[About this exercise] Scan the listing below for the word "such" and copy every line where it occurs.

--- Supplied data Enclosed Below ---

definition Z_mat :: "tri set \<Rightarrow> int mat" where
  "Z_mat T = mat (card (down_labels T)) (card (up_labels T))
     (\<lambda>(i,j). if shares_edge (Down (B_tri T i)) (Up (W_tri T j)) then 1 else 0)"

definition pm_perm :: "tri set \<Rightarrow> tri set set \<Rightarrow> nat \<Rightarrow> nat" where
  "pm_perm T \<tau> i = (if i < card (down_labels T)
      then (THE j. j < card (up_labels T) \<and> {Down (B_tri T i), Up (W_tri T j)} \<in> \<tau>) else i)"

definition sgn_pm :: "tri set \<Rightarrow> tri set set \<Rightarrow> int" where
  "sgn_pm T \<tau> = sign (pm_perm T \<tau>)"

text \<open>Vertices of L(T) are midpoints of edges parallel to the upper-left boundary; each such
  edge is the upper-left edge of a unique upward triangle of \<T>_d, whose label u names the
  vertex.  The vertex u lies on the upward triangle u (if present in T) and on the downward
  triangle m with u = m z (if present in T).\<close>
definition on_up :: "tri set \<Rightarrow> mono \<Rightarrow> bool" where
  "on_up T u \<longleftrightarrow> Up u \<in> T"

definition on_down :: "tri set \<Rightarrow> mono \<Rightarrow> bool" where
  "on_down T u \<longleftrightarrow> (\<exists>m. Down m \<in> T \<and> u = times_z m)"

definition A_verts :: "tri set \<Rightarrow> mono set" where
  "A_verts T = {u. on_up T u \<and> \<not> on_down T u}"

definition E_verts :: "tri set \<Rightarrow> mono set" where
  "E_verts T = {u. on_down T u \<and> \<not> on_up T u}"

definition A_pt :: "tri set \<Rightarrow> nat \<Rightarrow> mono" where
  "A_pt T i = rl_nth (A_verts T) i"

definition E_pt :: "tri set \<Rightarrow> nat \<Rightarrow> mono" where
  "E_pt T j = rl_nth (E_verts T) j"

text \<open>Identification of L(T) with a sub-lattice of Z^2: the vertex labeled x^a y^b z^c is the
  point (c, a).  Then the edge from m y to m z is an East step (1,0) and the edge from m x to
  m z is a Southeast step (1,-1).\<close>
fun lat_coord :: "mono \<Rightarrow> int \<times> int" where
  "lat_coord (a,b,c) = (int c, int a)"

text \<open>A lattice path is a list of steps: True = East (1,0), False = Southeast (1,-1).\<close>
definition path_end :: "int \<times> int \<Rightarrow> bool list \<Rightarrow> int \<times> int" where
  "path_end p ss = fold (\<lambda>s (x,y). if s then (x + 1, y) else (x + 1, y - 1)) ss p"

definition num_lattice_paths :: "int \<times> int \<Rightarrow> int \<times> int \<Rightarrow> nat" where
  "num_lattice_paths p q = card {ss. path_end p ss = q}"

definition N_mat :: "tri set \<Rightarrow> int mat" where
  "N_mat T = mat (card (A_verts T)) (card (E_verts T))
     (\<lambda>(i,j). int (num_lattice_paths (lat_coord (A_pt T i)) (lat_coord (E_pt T j))))"

text \<open>The steps of the lattice paths determined by a tiling: a lozenge consisting of the
  downward triangle m and the upward triangle u = m x or u = m y joins the vertices u and m z.\<close>
definition lp_step :: "tri set set \<Rightarrow> (mono \<times> mono) set" where
  "lp_step \<tau> = {(u, times_z m) | u m. {Down m, Up u} \<in> \<tau> \<and> u \<noteq> times_z m}"

definition lp_perm :: "tri set \<Rightarrow> tri set set \<Rightarrow> nat \<Rightarrow> nat" where
  "lp_perm T \<tau> i = (if i < card (A_verts T)
      then (THE j. j < card (E_verts T) \<and> (A_pt T i, E_pt T j) \<in> (lp_step \<tau>)\<^sup>*) else i)"

definition sgn_lp :: "tri set \<Rightarrow> tri set set \<Rightarrow> int" where
  "sgn_lp T \<tau> = sign (lp_perm T \<tau>)"

end

theory Submission
  imports Defs
begin

text \<open>Both matrices are minors of a pair of mutually inverse matrices indexed by all monomials of
  degree \<open>d - 1\<close>.  The matrix counting lattice paths between such monomials is inverted by
  \<open>1 - S\<close>, where \<open>S\<close> records single lattice steps; \<open>N(T)\<close> is its minor on rows \<open>A\<close> and columns
  \<open>E\<close>.  By Jacobi's complementary minor identity \<open>|det N(T)|\<close> is the absolute value of the minor
  of \<open>1 - S\<close> on the complementary index sets; because \<open>I\<close> is a monomial ideal that minor is
  block triangular with a unitriangular block, and the remaining block is \<open>Z(T)\<close> up to signs of
  rows and columns.

  For the signs, a tiling sends every upward triangle to the \<open>z\<close>-neighbour of the downward
  triangle it is matched with; together with \<open>E\<^sub>j \<mapsto> A\<^sub>j\<close> this is a permutation whose sign,
  relative to a fixed reference bijection, is the perfect matching sign.  Its excursions away
  from the endpoints \<open>E\<close> are exactly the lattice paths of the tiling, so shortcutting them yields
  the lattice path permutation and changes the sign by \<open>(-1)\<^sup>k\<close>, \<open>k\<close> the number of moved
  triangles.  Every move raises the \<open>z\<close>-degree by one, so \<open>k\<close> does not depend on the tiling.\<close>

lemma revlex_less_irrefl: "\<not> revlex_less m m"
  by (cases m) auto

--- End of Enclosed Supplied data ---

[Result]
text \<open>Vertices of L(T) are midpoints of edges parallel to the upper-left boundary; each such
  degree \<open>d - 1\<close>.  The matrix counting lattice paths between such monomials is inverted by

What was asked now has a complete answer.